All you speculators out there, a Cambridge, MA, academic has news for you.
(March 13, 2013) -- Commodity investors may have dramatically underestimated the length of cycles that commodity prices experience, a paper by a leading academic has claimed.
In a paper entitled "From Boom to Bust: A Typology of Real Commodity Prices in the Long Run," David S Jacks looks into the cycles the asset class have undergone in the past 160 years.
He found that the real value of 30 commodities studied - which represented $7.89 trillion in production in 2011 - had, by the end of 2011, rapidly increased since 1900.
"Real commodity prices have collectively been on the rise-albeit sometimes quite modestly-from at least 1950 across all weighting schemes," Jacks said. "This suggests that much of the conventional wisdom on long-run trends in real commodity prices may be unduly "pessimistic" about their prospects for future appreciation or unduly swayed by events either in the very distant or very recent past."
Jacks found evidence of "commodity price super-cycles", which entailed decades-long positive deviations, which were usually longer than the medium-term view held by many investors. He found that half of the 30 commodities studied were in the midst of one of these super-cycles evidencing above trend real prices starting from 1994-1999.
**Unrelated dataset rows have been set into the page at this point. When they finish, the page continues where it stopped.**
lemma trunc_equiv_pw_mem_Sigma_N:
  assumes "trunc_equiv n u v" "length u < n" "u \<noteq> []"
  defines "xs \<equiv> remdups u"
  shows "(pw xs (map (count_list u) xs), pw xs (map (count_list v) xs)) \<in> Sigma_N n"
    (is "(pw xs ?es, pw xs ?fs) \<in> _")
proof (rule pw_mem_Sigma_N)
  have set_xs: "set xs = set u" "set xs = set v"
    using trunc_equiv_set_eq[OF assms(1,2)] by (simp_all add: xs_def)
  have lengths: "length v = length u"
    using trunc_equiv_length[OF assms(1)] assms(2) by linarith
  have sums: "sum_list ?es = length u" "sum_list ?fs = length v"
    using length_pw[of ?es xs] length_pw[of ?fs xs] mset_pw_count_list[of xs u]
      mset_pw_count_list[of xs v] set_xs by (simp_all add: xs_def flip: size_mset)
  show "1 \<le> length xs" "distinct xs" "length ?es = length xs" "length ?fs = length xs"
    using assms(3) by (simp_all add: xs_def Suc_le_eq)
  show "sum_list ?es = sum_list ?fs" "sum_list ?es < n"
    using sums lengths assms(2) by simp_all
  show "\<forall>i<length xs. 1 \<le> ?es ! i \<and> 1 \<le> ?fs ! i"
  proof (intro allI impI)
    fix i
    assume i: "i < length xs"
    then have "xs ! i \<in> set u" "xs ! i \<in> set v"
      using set_xs nth_mem by blast+
    then have "count_list u (xs ! i) \<noteq> 0" "count_list v (xs ! i) \<noteq> 0"
      by (simp_all add: count_list_0_iff)
    with i show "1 \<le> ?es ! i \<and> 1 \<le> ?fs ! i"
      by simp
  qed
  show "\<forall>k<length xs. ?es ! k = ?fs ! k \<or> (n \<le> sum_list ?es + ?es ! k \<and> n \<le> sum_list ?fs + ?fs ! k)"
  proof (intro allI impI)
    fix k
    assume "k < length xs"
    then have "min (sum_list ?es + ?es ! k) n = min (sum_list ?fs + ?fs ! k) n"
      using trunc_equiv_count[OF assms(1), of "xs ! k"] sums by simp
    then show "?es ! k = ?fs ! k \<or> (n \<le> sum_list ?es + ?es ! k \<and> n \<le> sum_list ?fs + ?fs ! k)"
      using sums lengths assms(2) by (auto simp: min_def split: if_splits)
  qed
qed

lemma derivable_complete:
  assumes "1 \<le> n" "u \<noteq> []" "v \<noteq> []" "trunc_equiv n u v"
  shows "derivable (Sigma_N n) u v"
proof (cases "n \<le> length u")
  case True
  then have "n \<le> length v"
    using trunc_equiv_length[OF assms(4)] by linarith
  then show ?thesis
    using derivable_long[OF assms(1) True] derivable_long[OF assms(1)]
    by (metis derivable.sym derivable.trans)
next
  case False
  define xs where "xs = remdups u"
  have "set xs = set u" "set xs = set v"
    using trunc_equiv_set_eq[OF assms(4)] False by (simp_all add: xs_def)
  then have "derivable (Sigma_N n) u (pw xs (map (count_list u) xs))"
    and "derivable (Sigma_N n) v (pw xs (map (count_list v) xs))"
    using assms(2,3) by (simp_all add: derivable_mset_eq mset_pw_count_list xs_def)
  moreover have "derivable (Sigma_N n) (pw xs (map (count_list u) xs)) (pw xs (map (count_list v) xs))"
    using trunc_equiv_pw_mem_Sigma_N[OF assms(4) _ assms(2)] False
    by (simp add: xs_def derivable.ax)
  ultimately show ?thesis
    by (metis derivable.sym derivable.trans)
qed

lemma eq_theory_Nn:
  assumes "1 \<le> n"
  shows "eq_theory (Nn n) = {(u, v). derivable (Sigma_N n) u v}"
proof (intro set_eqI iffI; clarify)
  fix u v
  assume "(u, v) \<in> eq_theory (Nn n)"
  then have "u \<noteq> []" "v \<noteq> []" "trunc_equiv n u v"
    using satisfies_Nn_iff[OF assms] by (auto simp: eq_theory_def)
  then show "derivable (Sigma_N n) u v"
    by (rule derivable_complete[OF assms])
next
  fix u v
  assume "derivable (Sigma_N n) u v"
  then show "(u, v) \<in> eq_theory (Nn n)"
    using satisfies_Nn_iff[OF assms] derivable_sound[OF assms] by (simp add: eq_theory_def)
qed

section \<open>Powers and power identities\<close>

fun sg_pow :: "sg \<Rightarrow> nat \<Rightarrow> nat \<Rightarrow> nat" where
  "sg_pow S a 0 = a" \<comment> \<open>junk: only exponents \<open>\<ge> 1\<close> are meaningful\<close>
| "sg_pow S a (Suc 0) = a"
| "sg_pow S a (Suc (Suc k)) = mul S a (sg_pow S a (Suc k))"

definition pow_identity :: "sg \<Rightarrow> nat \<Rightarrow> nat \<Rightarrow> bool" where
  "pow_identity S p q \<longleftrightarrow> (\<forall>a\<in>carr S. sg_pow S a p = sg_pow S a q)"

lemma weval_replicate: "weval S \<phi> (replicate (Suc k) x) = sg_pow S (\<phi> x) (Suc k)"
  by (induction k) auto

lemma satisfies_replicate_iff:
  assumes "1 \<le> p" "1 \<le> q"
  shows "satisfies S (replicate p x, replicate q x) \<longleftrightarrow> pow_identity S p q"
proof -
  obtain p' q' where pq: "p = Suc p'" "q = Suc q'"
    using assms by (metis Suc_le_D One_nat_def)
  show ?thesis
  proof
    assume sat: "satisfies S (replicate p x, replicate q x)"
    show "pow_identity S p q"
      unfolding pow_identity_def
    proof
      fix a
      assume "a \<in> carr S"
      then have "weval S (\<lambda>_. a) (replicate p x) = weval S (\<lambda>_. a) (replicate q x)"
        using sat by (simp add: satisfies_def)
      then show "sg_pow S a p = sg_pow S a q"
        unfolding pq weval_replicate .
    qed
  next
    assume "pow_identity S p q"
    then show "satisfies S (replicate p x, replicate q x)"
      unfolding satisfies_def pow_identity_def pq by (simp add: weval_replicate del: replicate_Suc)
  qed
qed

lemma sg_pow_Suc: "1 \<le> k \<Longrightarrow> sg_pow S a (Suc k) = mul S a (sg_pow S a k)"
  by (cases k) auto

lemma sg_pow_closed: "fin_semigroup S \<Longrightarrow> a \<in> carr S \<Longrightarrow> sg_pow S a k \<in> carr S"
  by (induction S a k rule: sg_pow.induct) (auto simp: fin_semigroup_def)

lemma sg_pow_add:
  assumes "fin_semigroup S" "a \<in> carr S" "1 \<le> i" "1 \<le> j"
  shows "sg_pow S a (i + j) = mul S (sg_pow S a i) (sg_pow S a j)"
  using assms(3)
proof (induction i rule: nat_induct_at_least)
  case base
  then show ?case using assms(4) by (simp add: sg_pow_Suc)
next
  case (Suc i)
  have "sg_pow S a (Suc i + j) = mul S a (mul S (sg_pow S a i) (sg_pow S a j))"
    using Suc by (simp add: sg_pow_Suc)
  also have "\<dots> = mul S (mul S a (sg_pow S a i)) (sg_pow S a j)"
    using assms(1,2) sg_pow_closed[OF assms(1,2)] by (simp add: fin_semigroup_def)
  finally show ?case using Suc by (simp add: sg_pow_Suc)
qed

lemma sg_pow_subsg: "subsg T S \<Longrightarrow> a \<in> carr T \<Longrightarrow> sg_pow T a k = sg_pow S a k"
proof (induction T a k rule: sg_pow.induct)
  case (3 T a k)
  have "sg_pow T a (Suc k) \<in> carr T"
    by (rule sg_pow_closed) (use 3(2,3) in \<open>simp_all add: subsg_def\<close>)
  with 3 show ?case by (simp add: subsg_def)
qed auto

lemma sg_pow_hom:
  assumes "fin_semigroup S" "\<forall>x\<in>carr S. \<forall>y\<in>carr S. h (mul S x y) = mul T (h x) (h y)"
    "a \<in> carr S"
  shows "h (sg_pow S a k) = sg_pow T (h a) k"
  using assms
  by (induction S a k rule: sg_pow.induct) (simp_all add: sg_pow_closed)

lemma sg_pow_prod_sg:
  "sg_pow (prod_sg S T) (prod_encode (a, b)) k = prod_encode (sg_pow S a k, sg_pow T b k)"
  by (induction "prod_sg S T" "prod_encode (a, b)" k rule: sg_pow.induct)
    (simp_all add: prod_sg_def)

lemma pseudovarietyD:
  assumes "pseudovariety V"
  shows pseudovariety_fin_semigroup: "S \<in> V \<Longrightarrow> fin_semigroup S"
    and pseudovariety_prod_sg: "S \<in> V \<Longrightarrow> T \<in> V \<Longrightarrow> prod_sg S T \<in> V"
    and pseudovariety_subsg: "S \<in> V \<Longrightarrow> subsg T S \<Longrightarrow> T \<in> V"
    and pseudovariety_hom_image: "S \<in> V \<Longrightarrow> fin_semigroup T \<Longrightarrow> hom_image T S \<Longrightarrow> T \<in> V"
  using assms unfolding pseudovariety_def by blast+

lemma pseudovarietyI:
  assumes "V \<noteq> {}" "\<And>S. S \<in> V \<Longrightarrow> fin_semigroup S"
    "\<And>S T. S \<in> V \<Longrightarrow> T \<in> V \<Longrightarrow> prod_sg S T \<in> V"
    "\<And>S T. S \<in> V \<Longrightarrow> subsg T S \<Longrightarrow> T \<in> V"
    "\<And>S T. S \<in> V \<Longrightarrow> fin_semigroup T \<Longrightarrow> hom_image T S \<Longrightarrow> T \<in> V"
  shows "pseudovariety V"
  using assms unfolding pseudovariety_def by blast

lemma pseudovariety_Inter:
  assumes "\<And>V. V \<in> \<V> \<Longrightarrow> pseudovariety V" "\<V> \<noteq> {}" "\<Inter>\<V> \<noteq> {}"
  shows "pseudovariety (\<Inter>\<V>)"
  using assms by (intro pseudovarietyI) (auto intro: pseudovarietyD)

lemma pseudovariety_Int:
  assumes "pseudovariety V" "pseudovariety W" "V \<inter> W \<noteq> {}"
  shows "pseudovariety (V \<inter> W)"
  using assms pseudovariety_Inter[of "{V, W}"] by auto

lemma gen_pv_least: "pseudovariety V \<Longrightarrow> S \<in> V \<Longrightarrow> gen_pv S \<subseteq> V"
  unfolding gen_pv_def by blast

lemma mem_gen_pv: "S \<in> gen_pv S"
  unfolding gen_pv_def by blast

lemma pseudovariety_gen_pv:
  assumes "pseudovariety V" "S \<in> V"
  shows "pseudovariety (gen_pv S)"
  using assms mem_gen_pv[of S] unfolding gen_pv_def by (intro pseudovariety_Inter) auto

lemma fin_semigroup_prod_sg:
  "fin_semigroup S \<Longrightarrow> fin_semigroup T \<Longrightarrow> fin_semigroup (prod_sg S T)"
  unfolding fin_semigroup_def prod_sg_def by auto

lemma pow_identity_prod_sg:
  assumes "pow_identity S p q" "pow_identity T p q"
  shows "pow_identity (prod_sg S T) p q"
  unfolding pow_identity_def
proof
  fix z
  assume "z \<in> carr (prod_sg S T)"
  then obtain a b where "z = prod_encode (a, b)" "a \<in> carr S" "b \<in> carr T"
    by (auto simp: prod_sg_def)
  then show "sg_pow (prod_sg S T) z p = sg_pow (prod_sg S T) z q"
    using assms by (simp add: pow_identity_def sg_pow_prod_sg)
qed

lemma pow_identity_subsg:
  assumes "subsg T S" "pow_identity S p q"
  shows "pow_identity T p q"
  unfolding pow_identity_def
proof
  fix a
  assume "a \<in> carr T"
  moreover from this have "a \<in> carr S"
    using assms(1) by (auto simp: subsg_def)
  ultimately show "sg_pow T a p = sg_pow T a q"
    using assms by (simp add: pow_identity_def sg_pow_subsg)
qed

lemma pow_identity_hom_image:
  assumes "fin_semigroup S" "hom_image T S" "pow_identity S p q"
  shows "pow_identity T p q"
proof -
  obtain h where h: "h ` carr S = carr T"
    and hom: "\<forall>x\<in>carr S. \<forall>y\<in>carr S. h (mul S x y) = mul T (h x) (h y)"
    using assms(2) by (auto simp: hom_image_def)
  show ?thesis
    unfolding pow_identity_def
  proof
    fix b
    assume "b \<in> carr T"
    then obtain a where "a \<in> carr S" "b = h a"
      using h by auto
    then show "sg_pow T b p = sg_pow T b q"
      using assms(3) sg_pow_hom[OF assms(1) hom] by (metis pow_identity_def)
  qed
qed

definition trivial_sg :: sg where
  "trivial_sg = \<lparr>carr = {0}, mul = (\<lambda>_ _. 0)\<rparr>"

lemma fin_semigroup_trivial_sg: "fin_semigroup trivial_sg"
  by (simp add: fin_semigroup_def trivial_sg_def)

lemma pow_identity_trivial_sg: "pow_identity trivial_sg p q"
proof -
  have "sg_pow trivial_sg 0 k = 0" for k
    by (induction trivial_sg "0::nat" k rule: sg_pow.induct) (simp_all add: trivial_sg_def)
  then show ?thesis by (simp add: pow_identity_def trivial_sg_def)
qed

lemma pseudovariety_pow_identity: "pseudovariety {T. fin_semigroup T \<and> pow_identity T p q}"
proof (rule pseudovarietyI)
  show "{T. fin_semigroup T \<and> pow_identity T p q} \<noteq> {}"
    using fin_semigroup_trivial_sg pow_identity_trivial_sg by blast
  show "T \<in> {T. fin_semigroup T \<and> pow_identity T p q}"
    if "S \<in> {T. fin_semigroup T \<and> pow_identity T p q}" "subsg T S" for S T
    using that pow_identity_subsg[OF that(2)] by (simp add: subsg_def)
qed (auto intro: fin_semigroup_prod_sg pow_identity_prod_sg pow_identity_hom_image)

lemma hom_image_trivial_sg: "carr S \<noteq> {} \<Longrightarrow> hom_image trivial_sg S"
  unfolding hom_image_def trivial_sg_def by (intro exI[of _ "\<lambda>_. 0"]) auto

lemma maximal_subpv_unique:
  assumes "pseudovariety V" "V \<subset> W"
    and "\<And>U. pseudovariety U \<Longrightarrow> U \<subseteq> W \<Longrightarrow> \<not> U \<subseteq> V \<Longrightarrow> W \<subseteq> U"
  shows "maximal_subpv V W \<and> (\<forall>V'. maximal_subpv V' W \<longrightarrow> V' = V)"
proof (intro conjI allI impI)
  show "maximal_subpv V W"
    unfolding maximal_subpv_def using assms by blast
  fix V'
  assume V': "maximal_subpv V' W"
  then have "V' \<subseteq> V"
    using assms(3) unfolding maximal_subpv_def by blast
  then show "V' = V"
    using V' assms(1,2) unfolding maximal_subpv_def by blast
qed

section \<open>The maximal subpseudovariety of \<open>\<lbrakk>N\<^sub>n\<rbrakk>\<close>\<close>

lemma fin_semigroup_Nn: "1 \<le> n \<Longrightarrow> fin_semigroup (Nn n)"
  unfolding fin_semigroup_def Nn_def by auto

lemma sg_pow_Nn:
  assumes "a \<in> {1..n}" "1 \<le> k"
  shows "sg_pow (Nn n) a k = min (k * a) n"
  using assms(2)
proof (induction k rule: nat_induct_at_least)
  case (Suc k)
  then show ?case using assms(1) by (simp add: sg_pow_Suc Nn_def min_def)
qed (use assms(1) in simp)

lemma pow_identity_Nn:
  assumes "1 \<le> n"
  shows "pow_identity (Nn n) (n + 1) n"
  unfolding pow_identity_def
proof
  fix a
  assume "a \<in> carr (Nn n)"
  then have a: "a \<in> {1..n}" by (simp add: Nn_def)
  then have "n \<le> n * a" "n \<le> (n + 1) * a"
    using mult_le_mono2[of 1 a n] mult_le_mono2[of 1 a "n + 1"] by simp_all
  moreover have "sg_pow (Nn n) a (n + 1) = min ((n + 1) * a) n"
    by (rule sg_pow_Nn[OF a]) simp
  moreover have "sg_pow (Nn n) a n = min (n * a) n"
    by (rule sg_pow_Nn[OF a assms])
  ultimately show "sg_pow (Nn n) a (n + 1) = sg_pow (Nn n) a n"
    by (simp only: min_absorb2)
qed

lemma not_pow_identity_Nn: "2 \<le> n \<Longrightarrow> \<not> pow_identity (Nn n) n (n - 1)"
  unfolding pow_identity_def
proof
  assume "2 \<le> n" "\<forall>a\<in>carr (Nn n). sg_pow (Nn n) a n = sg_pow (Nn n) a (n - 1)"
  then have "sg_pow (Nn n) 1 n = sg_pow (Nn n) 1 (n - 1)"
    by (simp add: Nn_def)
  with \<open>2 \<le> n\<close> show False
    by (simp add: sg_pow_Nn)
qed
He said these super-cycles were punctuated by booms and busts, which are "historically pervasive and becoming more exacerbated over time".
There was a warning for commodity investors, too: "The common origin of these commodity price super-cycles in the late 1990s underlines an important theme of this paper: namely that much of the recent appreciation of real commodity prices simply represents a recovery from their multi-year-and in some instances, multi-decade-nadir around the year 2000. At the same time, the accumulated historical evidence on super-cycles suggests that the current super-cycles are likely at their peak and, thus, nearing the beginning of the end of above-trend real commodity prices in the affected categories."
Jacks concluded that commodity prices exhibited little trend currently, but the small element of trend shown by the asset class was in a downwards direction. He added that commodity markets are likely set to experience more volatility, which would affect the growth prospects of nations.